> **Exercise directions**:
Repeat nothing but the lines below running from the one containing "(* Randomness source: independent" to the one containing "(if k = 0 then". Keep both end lines.

> **Collected data entries**:
(* There are constants $c,C>0$ such that for all sufficiently large $n$ and all $p,q\in(0,1)$ with $\hat p=\frac{p}{p+q}\ge c\frac{\log n}{n}$, with probability at least $1-1/n$ the flooding time of the stationary edge-MEG $\mathcal{M}(n,p,q)$ is at least $C\,\frac{\log n}{\log(n\hat p)}$.
   Context: The edge-MEG $\mathcal{M}(n,p,q)=\{G_t\}$ on node set $[n]$: for each pair $e\in\binom{[n]}{2}$ there is an independent two-state Markov chain $X_t(e)\in\{0,1\}$ with $\Pr[X_{t+1}(e)=1\mid X_t(e)=0]=p$ and $\Pr[X_{t+1}(e)=0\mid X_t(e)=1]=q$; $G_t=([n],\{e:X_t(e)=1\})$. It is stationary when $G_0$ is drawn from the stationary distribution, which is the Erdős–Rényi graph $G_{n,\hat p}$, $\hat p=p/(p+q)$ (so every $G_t$ has law $G_{n,\hat p}$). Flooding from source $s$: $I_0=\{s\}$, $I_{t+1}=I_t\cup N_t(I_t)$ where $N_t(I)$ is the set of nodes outside $I$ adjacent in $G_t$ to some node of $I$; $T(s)$ is the first $t$ with $I_t=[n]$; the flooding time is $\max_s T(s)$. Logarithms are natural. *)

theory Defs
  imports "HOL-Probability.Probability"
begin

(* Randomness source: independent Bernoulli coins indexed by (edge, time, kind).
   kind 0: initial state of the edge, Bernoulli(p/(p+q))  (stationary start);
   kind 1: at time t, used if edge absent: becomes present w.p. p;
   kind >= 2: at time t, used if edge present: stays present w.p. 1-q. *)
definition meg_space :: "real \<Rightarrow> real \<Rightarrow> ((nat \<times> nat) \<times> nat \<times> nat \<Rightarrow> bool) measure" where
  "meg_space p q = PiM UNIV (\<lambda>(e, t, k). measure_pmf (bernoulli_pmf
      (if k = 0 then p / (p + q) else if k = 1 then p else 1 - q)))"

fun meg_edge :: "((nat \<times> nat) \<times> nat \<times> nat \<Rightarrow> bool) \<Rightarrow> nat \<times> nat \<Rightarrow> nat \<Rightarrow> bool" where
  "meg_edge \<omega> e 0 = \<omega> (e, 0, 0)"
| "meg_edge \<omega> e (Suc t) = (if meg_edge \<omega> e t then \<omega> (e, t, 2) else \<omega> (e, t, 1))"

(* adjacency in G_t; the edge {u,v} is indexed by (min u v, max u v) *)
definition meg_adj :: "((nat \<times> nat) \<times> nat \<times> nat \<Rightarrow> bool) \<Rightarrow> nat \<Rightarrow> nat \<Rightarrow> nat \<Rightarrow> bool" where
  "meg_adj \<omega> t u v = (u \<noteq> v \<and> meg_edge \<omega> (min u v, max u v) t)"

fun flood_set :: "nat \<Rightarrow> (nat \<Rightarrow> nat \<Rightarrow> nat \<Rightarrow> bool) \<Rightarrow> nat \<Rightarrow> nat \<Rightarrow> nat set" where
  "flood_set n G s 0 = {s}"
| "flood_set n G s (Suc t) = flood_set n G s t \<union>
     {v. v < n \<and> v \<notin> flood_set n G s t \<and> (\<exists>u \<in> flood_set n G s t. G t u v)}"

> **Response**:
(* Randomness source: independent Bernoulli coins indexed by (edge, time, kind).
   kind 0: initial state of the edge, Bernoulli(p/(p+q))  (stationary start);
   kind 1: at time t, used if edge absent: becomes present w.p. p;
   kind >= 2: at time t, used if edge present: stays present w.p. 1-q. *)
definition meg_space :: "real \<Rightarrow> real \<Rightarrow> ((nat \<times> nat) \<times> nat \<times> nat \<Rightarrow> bool) measure" where
  "meg_space p q = PiM UNIV (\<lambda>(e, t, k). measure_pmf (bernoulli_pmf
      (if k = 0 then p / (p + q) else if k = 1 then p else 1 - q)))"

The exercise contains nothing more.